• **TASK REQUIREMENTS**:
Begin with the line containing "using assms(2) unfolding" and reproduce it and all later lines exactly, through the last line of the records. Add nothing else.

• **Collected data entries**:

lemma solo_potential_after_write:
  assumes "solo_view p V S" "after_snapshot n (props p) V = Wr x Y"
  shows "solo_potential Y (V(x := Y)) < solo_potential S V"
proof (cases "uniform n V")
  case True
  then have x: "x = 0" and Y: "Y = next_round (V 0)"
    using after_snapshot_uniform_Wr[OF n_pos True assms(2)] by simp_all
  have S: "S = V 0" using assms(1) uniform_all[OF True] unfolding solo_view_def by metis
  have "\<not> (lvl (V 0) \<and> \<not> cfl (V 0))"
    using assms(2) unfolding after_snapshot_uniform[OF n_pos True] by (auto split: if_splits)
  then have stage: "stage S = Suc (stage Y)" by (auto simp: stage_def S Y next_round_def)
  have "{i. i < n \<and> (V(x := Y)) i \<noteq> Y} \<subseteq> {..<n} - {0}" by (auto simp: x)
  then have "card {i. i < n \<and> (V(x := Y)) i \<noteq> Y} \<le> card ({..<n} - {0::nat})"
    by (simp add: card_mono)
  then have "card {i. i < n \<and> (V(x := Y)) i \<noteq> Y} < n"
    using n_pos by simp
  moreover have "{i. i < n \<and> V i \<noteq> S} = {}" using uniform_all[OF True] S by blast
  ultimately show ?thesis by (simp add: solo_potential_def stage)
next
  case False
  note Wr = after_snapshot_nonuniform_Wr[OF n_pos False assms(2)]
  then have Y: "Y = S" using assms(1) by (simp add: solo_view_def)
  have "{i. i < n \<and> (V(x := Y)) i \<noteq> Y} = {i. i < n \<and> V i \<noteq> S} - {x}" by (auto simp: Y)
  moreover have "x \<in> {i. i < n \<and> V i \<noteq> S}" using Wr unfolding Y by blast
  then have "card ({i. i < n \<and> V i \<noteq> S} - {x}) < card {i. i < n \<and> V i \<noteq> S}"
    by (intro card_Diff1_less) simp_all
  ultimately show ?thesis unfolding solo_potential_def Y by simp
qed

• **SOLUTION TO THIS TASK**:
    using assms(2) unfolding after_snapshot_uniform[OF n_pos True] by (auto split: if_splits)
  then have stage: "stage S = Suc (stage Y)" by (auto simp: stage_def S Y next_round_def)
  have "{i. i < n \<and> (V(x := Y)) i \<noteq> Y} \<subseteq> {..<n} - {0}" by (auto simp: x)
  then have "card {i. i < n \<and> (V(x := Y)) i \<noteq> Y} \<le> card ({..<n} - {0::nat})"
    by (simp add: card_mono)
  then have "card {i. i < n \<and> (V(x := Y)) i \<noteq> Y} < n"
    using n_pos by simp
  moreover have "{i. i < n \<and> V i \<noteq> S} = {}" using uniform_all[OF True] S by blast
  ultimately show ?thesis by (simp add: solo_potential_def stage)
next
  case False
  note Wr = after_snapshot_nonuniform_Wr[OF n_pos False assms(2)]
  then have Y: "Y = S" using assms(1) by (simp add: solo_view_def)
  have "{i. i < n \<and> (V(x := Y)) i \<noteq> Y} = {i. i < n \<and> V i \<noteq> S} - {x}" by (auto simp: Y)
  moreover have "x \<in> {i. i < n \<and> V i \<noteq> S}" using Wr unfolding Y by blast
  then have "card ({i. i < n \<and> V i \<noteq> S} - {x}) < card {i. i < n \<and> V i \<noteq> S}"
    by (intro card_Diff1_less) simp_all
  ultimately show ?thesis unfolding solo_potential_def Y by simp
qed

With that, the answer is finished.